[SUPPLIED DATA — start]

lemma lucasU_bounds_from_invariant_hull:
  assumes "(0, 1) \<in> convex hull S" and "lucas_step r ` S \<subseteq> convex hull S"
    and "\<And>s. s \<in> S \<Longrightarrow> lo \<le> fst s \<and> fst s \<le> hi"
  shows "lo \<le> lucasU r n \<and> lucasU r n \<le> hi"
proof -
  have invariant: "lucas_step r ` (convex hull S) \<subseteq> convex hull S"
    using affine_image_convex_hull_subset[OF linear_lucas_step, where b=0] assms(2) by simp
  have pair: "(lucasU r n, lucasU r (Suc n)) \<in> convex hull S"
  proof (induction n)
    case 0
    then show ?case using assms(1) by simp
  next
    case (Suc n)
    then have "lucas_step r (lucasU r n, lucasU r (Suc n)) \<in> convex hull S"
      using invariant by blast
    then show ?case by (simp add: lucas_step_def)
  qed
  have "convex hull S \<subseteq> fst -` {lo..hi}"
    by (rule hull_minimal) (use assms(3) convex_linear_vimage[OF linear_fst] in auto)
  then show ?thesis using pair by auto
qed

(* The polygon below is invariant for r <= 2 - sqrt 2, the one of lucasU_bounds_large
   for r >= 0.544; 11/20 lies in between. *)
lemma lucasU_bounds_small:
  assumes "0 \<le> r" and "r \<le> 11/20"
  shows "- r \<le> lucasU r n \<and> lucasU r n \<le> 2 - r"
proof -
  define S where "S = {(-r, -r), (0, -r), (1, 0), (2 - r, r), (2 - r, 2 - r), (0, 2 - r),
    (-r, 2 - r - r^2)}"
  have r_squared_le: "r^2 \<le> r"
    using assms by (simp add: power2_eq_square mult_left_le_one_le)
  have quadratic_nonneg: "0 \<le> r^2 - 4*r + 2"
    using power_mono[of "29/20" "2 - r" 2] assms by (simp add: power2_eq_square algebra_simps)
  have "(0, 1) \<in> convex hull S"
    by (rule in_convex_hull_3_weighted[of "(0, -r)" _ "(0, 2 - r)" "(0, -r)" 2 "1 - r" "1 + r" 0])
      (use assms in \<open>auto simp: S_def algebra_simps\<close>)
  moreover have "lucas_step r ` S \<subseteq> convex hull S"
  proof -
    have "lucas_step r (-r, -r) \<in> convex hull S"
      by (rule in_convex_hull_3_weighted[of "(-r, -r)" _ "(-r, 2 - r - r^2)" "(-r, -r)"
            "2 - r^2" "2 - 2*r^2" "r^2" 0])
        (use assms r_squared_le in \<open>auto simp: S_def lucas_step_def
          algebra_simps power2_eq_square\<close>)
    moreover have "lucas_step r (2 - r, r) \<in> convex hull S"
      by (rule in_convex_hull_3_weighted[of "(0, -r)" _ "(1, 0)" "(0, -r)" 1 "1 - r" r 0])
        (use assms in \<open>auto simp: S_def lucas_step_def algebra_simps\<close>)
    moreover have "lucas_step r (2 - r, 2 - r) \<in> convex hull S"
      by (rule in_convex_hull_3_weighted[of "(2 - r, r)" _ "(2 - r, 2 - r)" "(2 - r, r)"
            "2*(1 - r)" "r*(2 - r)" "r^2 - 4*r + 2" 0])
        (use assms quadratic_nonneg r_squared_le in \<open>auto simp: S_def lucas_step_def
          algebra_simps power2_eq_square\<close>)
    moreover have "lucas_step r (-r, 2 - r - r^2) \<in> convex hull S"
      by (rule in_convex_hull_3_weighted[of "(0, 2 - r)" _ "(2 - r, 2 - r)" "(0, 2 - r)"
            "2 - r" "r^2" "2 - r - r^2" 0])
        (use assms r_squared_le in \<open>auto simp: S_def lucas_step_def
          algebra_simps power2_eq_square\<close>)
    ultimately show ?thesis
      by (auto simp: S_def lucas_step_def intro: hull_inc)
  qed
  moreover have "\<And>s. s \<in> S \<Longrightarrow> - r \<le> fst s \<and> fst s \<le> 2 - r"
    using assms by (auto simp: S_def)
  ultimately show ?thesis
    by (rule lucasU_bounds_from_invariant_hull)
qed

lemma lucasU_bounds_large:
  assumes "11/20 \<le> r" and "r \<le> 1"
  shows "- r \<le> lucasU r n \<and> lucasU r n \<le> 2 - r"
proof -
  \<comment> \<open>the first six points of the orbit of (0, 1)\<close>
  define S where "S = {(0, 1), (1, 1), (1, 1 - r), (1 - r, 1 - 2*r), (1 - 2*r, 1 - 3*r + r^2),
    (1 - 3*r + r^2, 1 - 4*r + 3*r^2)}"
  have cubic_nonneg: "0 \<le> r^3 + r^2 + r - 1"
    using power_mono[of "11/20" r 2] power_mono[of "11/20" r 3] assms by (simp add: power_divide)
  have cubic_nonneg': "0 \<le> r^3 - r + 1"
    using assms zero_le_power[of r 3] by linarith
  have "lucas_step r (1 - 3*r + r^2, 1 - 4*r + 3*r^2) \<in> convex hull S"
  proof (rule in_convex_hull_3_weighted[of "(0, 1)" _ "(1, 1)" "(1 - 3*r + r^2, 1 - 4*r + 3*r^2)"
        "4 - 3*r" "r*(r^3 - r + 1)" "(1 - r)*(r^3 + r^2 + r - 1)" "(1 - r)*(5 - r)"])
    show "0 \<le> r*(r^3 - r + 1)" "0 \<le> (1 - r)*(r^3 + r^2 + r - 1)" "0 \<le> (1 - r)*(5 - r)"
      using assms cubic_nonneg cubic_nonneg' by simp_all
  qed (use assms in \<open>auto simp: S_def lucas_step_def
      algebra_simps power2_eq_square power3_eq_cube\<close>)
  then have "lucas_step r ` S \<subseteq> convex hull S"
    by (auto simp: S_def lucas_step_def algebra_simps power2_eq_square intro: hull_inc)
  moreover have "(0, 1) \<in> convex hull S"
    by (simp add: S_def hull_inc)
  moreover have "\<And>s. s \<in> S \<Longrightarrow> - r \<le> fst s \<and> fst s \<le> 2 - r"
    using assms power_mono[of r 1 2] zero_le_power2[of "1 - r"]
    by (auto simp: S_def power2_eq_square algebra_simps)
  ultimately show ?thesis
    by (intro lucasU_bounds_from_invariant_hull) auto
qed

lemma lucasU_bounds:
  assumes "0 \<le> r" and "r \<le> 1"
  shows "- r \<le> lucasU r n \<and> lucasU r n \<le> 2 - r"
  using lucasU_bounds_small[of r n] lucasU_bounds_large[of r n] assms by linarith

locale re_half_param =
  fixes a :: complex and r c :: real
  assumes Re_a: "Re a = 1/2"
    and r_eq: "r = cmod a ^ 2"
    and r_less_1: "r < 1"
    and c_eq: "c = 1 / (1 - r^2)"
begin

definition z :: "nat \<Rightarrow> complex" where
  "z k = of_real c * a ^ (k + 1)"

definition w :: "nat \<Rightarrow> complex" where
  "w k = 1 - of_real (c * r) * a ^ k"

definition b :: complex where
  "b = a + of_real (c * r^2)"

definition V :: "complex set" where
  "V = insert b (range z \<union> w ` {1..})"

lemma cnj_a: "cnj a = 1 - a"
  using Re_a by (simp add: complex_eq_iff)

lemma cnj_a_mult_a: "cnj a * a = of_real r"
  by (metis complex_norm_square mult.commute of_real_power r_eq)

lemma a_squared: "a * a = a - of_real r"
  using cnj_a_mult_a by (simp add: cnj_a algebra_simps)

lemma r_pos: "0 < r"
proof -
  have "1/4 \<le> Re a ^ 2 + Im a ^ 2"
    by (simp add: Re_a power_divide)
  then show ?thesis
    by (simp add: r_eq cmod_power2)
qed

lemma r_squared_less_1: "r^2 < 1"
  using r_pos r_less_1 by (simp add: power_less_one_iff)

lemma c_mult: "c * (1 - r^2) = 1"
  using r_squared_less_1 by (simp add: c_eq)

definition pt :: "real \<Rightarrow> real \<Rightarrow> complex" where
  "pt x y = of_real x + of_real y * a"

lemma pt_in_convex_hull_3:
  assumes "pt x1 y1 \<in> S" "pt x2 y2 \<in> S" "pt x3 y3 \<in> S"
    and "0 < d" "0 \<le> l1" "0 \<le> l2" "0 \<le> l3" "l1 + l2 + l3 = d"
    and "d * x = l1 * x1 + l2 * x2 + l3 * x3" "d * y = l1 * y1 + l2 * y2 + l3 * y3"
  shows "pt x y \<in> convex hull S"
proof (rule in_convex_hull_3_weighted[OF assms(1-8)])
  have "d *\<^sub>R pt x y = of_real (d * x) + of_real (d * y) * a"
    by (simp add: pt_def scaleR_conv_of_real algebra_simps)
  also have "\<dots> = l1 *\<^sub>R pt x1 y1 + l2 *\<^sub>R pt x2 y2 + l3 *\<^sub>R pt x3 y3"
    unfolding assms(9,10) by (simp add: pt_def scaleR_conv_of_real algebra_simps)
  finally show "d *\<^sub>R pt x y = l1 *\<^sub>R pt x1 y1 + l2 *\<^sub>R pt x2 y2 + l3 *\<^sub>R pt x3 y3" .
qed

lemma a_power_Suc: "a ^ Suc n = pt (- r * lucasU r n) (lucasU r (Suc n))"
proof (induction n)
  case 0
  then show ?case by (simp add: pt_def)
next
  case (Suc n)
  have "a ^ Suc (Suc n) = a * pt (- r * lucasU r n) (lucasU r (Suc n))"
    by (simp only: power_Suc[of a "Suc n"] Suc.IH)
  also have "\<dots> = of_real (- r * lucasU r n) * a + of_real (lucasU r (Suc n)) * (a * a)"
    by (simp add: pt_def algebra_simps)
  also have "\<dots> = pt (- r * lucasU r (Suc n)) (lucasU r (Suc (Suc n)))"
    by (simp add: a_squared pt_def algebra_simps)
  finally show ?case .
qed

lemma z_eq_pt: "z k = pt (- c * r * lucasU r k) (c * lucasU r (Suc k))"
  by (simp only: z_def Suc_eq_plus1[symmetric] a_power_Suc) (simp add: pt_def algebra_simps)

lemma w_Suc_eq_pt: "w (Suc k) = pt (1 + c * r^2 * lucasU r k) (- c * r * lucasU r (Suc k))"
  by (simp only: w_def a_power_Suc) (simp add: pt_def algebra_simps power2_eq_square)

lemma z_in_V: "z k \<in> V"
  by (simp add: V_def)

lemma w_in_V: "1 \<le> k \<Longrightarrow> w k \<in> V"
  by (simp add: V_def)

lemma b_in_V: "b \<in> V"
  by (simp add: V_def)

lemma pt_vertices_in_V:
  "pt 0 c \<in> V" "pt (- c * r) c \<in> V" "pt (- c * r) (c * (1 - r)) \<in> V"
  "pt 1 (- c * r) \<in> V" "pt (1 + c * r^2) (- c * r) \<in> V"
  using z_in_V[of 0] z_in_V[of "Suc 0"] z_in_V[of "Suc (Suc 0)"]
    w_in_V[of "Suc 0"] w_in_V[of "Suc (Suc 0)"]
  by (simp_all only: z_eq_pt w_Suc_eq_pt) (simp_all add: algebra_simps)

lemma w_0_in_convex_hull: "w 0 \<in> convex hull V"
proof -
  have "w 0 = pt (1 - c * r) 0"
    by (simp add: w_def pt_def)
  also have "\<dots> \<in> convex hull V"
  proof (rule pt_in_convex_hull_3[OF pt_vertices_in_V(4,2,3),
        of "1 + r - r^2" "1 - r^2" "r * (1 - r)" "r^2"])
    show "0 < 1 + r - r^2" "0 \<le> 1 - r^2" "0 \<le> r * (1 - r)"
      using r_pos r_less_1 r_squared_less_1 by auto
    show "(1 + r - r^2) * (1 - c * r) = (1 - r^2) * 1 + r * (1 - r) * (- c * r) + r^2 * (- c * r)"
      using c_mult by algebra
  qed (simp_all add: algebra_simps power2_eq_square)
  finally show ?thesis .
qed

lemma f1_b_in_convex_hull: "a * b \<in> convex hull V"
proof -
  have "a * b = pt (- r) (1 + c * r^2)"
    by (simp only: b_def distrib_left a_squared) (simp add: pt_def algebra_simps)
  also have "\<dots> \<in> convex hull V"
  proof (rule pt_in_convex_hull_3[OF pt_vertices_in_V(2,1,1), of 1 "1 - r^2" "r^2" 0])
    show "0 \<le> 1 - r^2"
      using r_squared_less_1 by simp
    show "1 * - r = (1 - r^2) * (- c * r) + r^2 * 0 + 0 * 0"
      using c_mult by algebra
    show "1 * (1 + c * r^2) = (1 - r^2) * c + r^2 * c + 0 * c"
      using c_mult by algebra
  qed simp_all
  finally show ?thesis .
qed

lemma f1_z: "a * z k = z (Suc k)"
  by (simp add: z_def algebra_simps)

lemma f2_b_in_convex_hull: "1 - cnj a * b \<in> convex hull V"
proof -
  have "1 - cnj a * b = 1 - cnj a * a - of_real (c * r^2) * cnj a"
    by (simp add: b_def algebra_simps)
  also have "\<dots> = pt (1 - r - c * r^2) (c * r^2)"
    by (simp only: cnj_a_mult_a) (simp add: cnj_a pt_def algebra_simps)
  also have "\<dots> \<in> convex hull V"
  proof (rule pt_in_convex_hull_3[OF pt_vertices_in_V(5,2,3),
        of "1 + r" "(1 - r) * (1 + r - r^2)" "2 * r^2" "r * (1 - r) * (1 + r)"])
    have "0 \<le> 1 + r - r^2"
      using r_pos r_squared_less_1 by simp
    then show "0 < 1 + r" "0 \<le> (1 - r) * (1 + r - r^2)" "0 \<le> 2 * r^2" "0 \<le> r * (1 - r) * (1 + r)"
      using r_pos r_less_1 by auto
    show "(1 + r) * (1 - r - c * r^2) = (1 - r) * (1 + r - r^2) * (1 + c * r^2)
        + 2 * r^2 * (- c * r) + r * (1 - r) * (1 + r) * (- c * r)"
      using c_mult by algebra
  qed (simp_all add: algebra_simps power2_eq_square)
  finally show ?thesis .
qed

lemma f2_z: "1 - cnj a * z k = w k"
proof -
  have "cnj a * z k = of_real c * (cnj a * a) * a ^ k"
    by (simp add: z_def algebra_simps)
  then show ?thesis
    by (simp add: w_def cnj_a_mult_a)
qed

lemma f2_w_Suc: "1 - cnj a * w (Suc k) = a + of_real (c * r^2) * a ^ k"
proof -
  have "1 - cnj a * w (Suc k) = (1 - cnj a) + of_real (c * r) * (cnj a * a) * a ^ k"
    by (simp add: w_def algebra_simps)
  also have "\<dots> = a + of_real (c * r^2) * a ^ k"
    by (simp only: cnj_a_mult_a) (simp add: cnj_a power2_eq_square)
  finally show ?thesis .
qed

lemma a_plus_power_in_convex_hull: "a + of_real (c * r^2) * a ^ k \<in> convex hull V"
proof (cases k)
  case 0
  then show ?thesis
    using b_in_V by (simp add: b_def hull_inc)
next
  case (Suc i)
  show ?thesis
  proof (rule in_convex_hull_3_weighted[of "z 0" V "z i" "z i" 1 "1 - r^2" "r^2" 0])
    have "(1 - r^2) *\<^sub>R z 0 = of_real (c * (1 - r^2)) * a"
      by (simp add: z_def scaleR_conv_of_real algebra_simps)
    then have "(1 - r^2) *\<^sub>R z 0 = a"
      by (simp only: c_mult) simp
    moreover have "a + of_real (c * r^2) * a ^ k = a + r^2 *\<^sub>R z i"
      by (simp add: Suc z_def scaleR_conv_of_real algebra_simps)
    ultimately show "1 *\<^sub>R (a + of_real (c * r^2) * a ^ k)
        = (1 - r^2) *\<^sub>R z 0 + r^2 *\<^sub>R z i + 0 *\<^sub>R z i"
      by simp
  qed (use r_squared_less_1 z_in_V in auto)
qed

lemma pt_in_convex_hull_z0_z1_w:
  assumes "- r \<le> q" "- r \<le> q - r * p" "q - r * p \<le> 1 - r"
    and "pt (1 + c * r^2 * p) (- c * r * q) \<in> V"
  shows "pt (c * r^2 * p) (1 - c * r * q) \<in> convex hull V"
proof (rule pt_in_convex_hull_3[OF pt_vertices_in_V(1,2) assms(4),
      of "1 + r * q" "(1 - r^2) * (1 - r + r * p - q)" "(1 - r^2) * (q - r * p + r)" "r * (q + r)"])
  have "- (r^2) \<le> r * q"
    using mult_left_mono[OF assms(1), of r] r_pos by (simp add: power2_eq_square)
  then show "0 < 1 + r * q"
    using r_squared_less_1 by linarith
  show "0 \<le> (1 - r^2) * (1 - r + r * p - q)" "0 \<le> (1 - r^2) * (q - r * p + r)" "0 \<le> r * (q + r)"
    using assms(1-3) r_pos r_squared_less_1 by simp_all
  show "(1 + r * q) * (c * r^2 * p) = (1 - r^2) * (1 - r + r * p - q) * 0
      + (1 - r^2) * (q - r * p + r) * (- c * r) + r * (q + r) * (1 + c * r^2 * p)"
    using c_mult by algebra
  show "(1 + r * q) * (1 - c * r * q) = (1 - r^2) * (1 - r + r * p - q) * c
      + (1 - r^2) * (q - r * p + r) * c + r * (q + r) * (- c * r * q)"
    using c_mult by algebra
qed (simp add: algebra_simps power2_eq_square)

[SUPPLIED DATA — finish]

§ WHAT TO WORK ON: Scan the data for lines containing "induction" and copy all of them.

§ TASK OUTPUT:
  proof (induction n)
proof (induction n)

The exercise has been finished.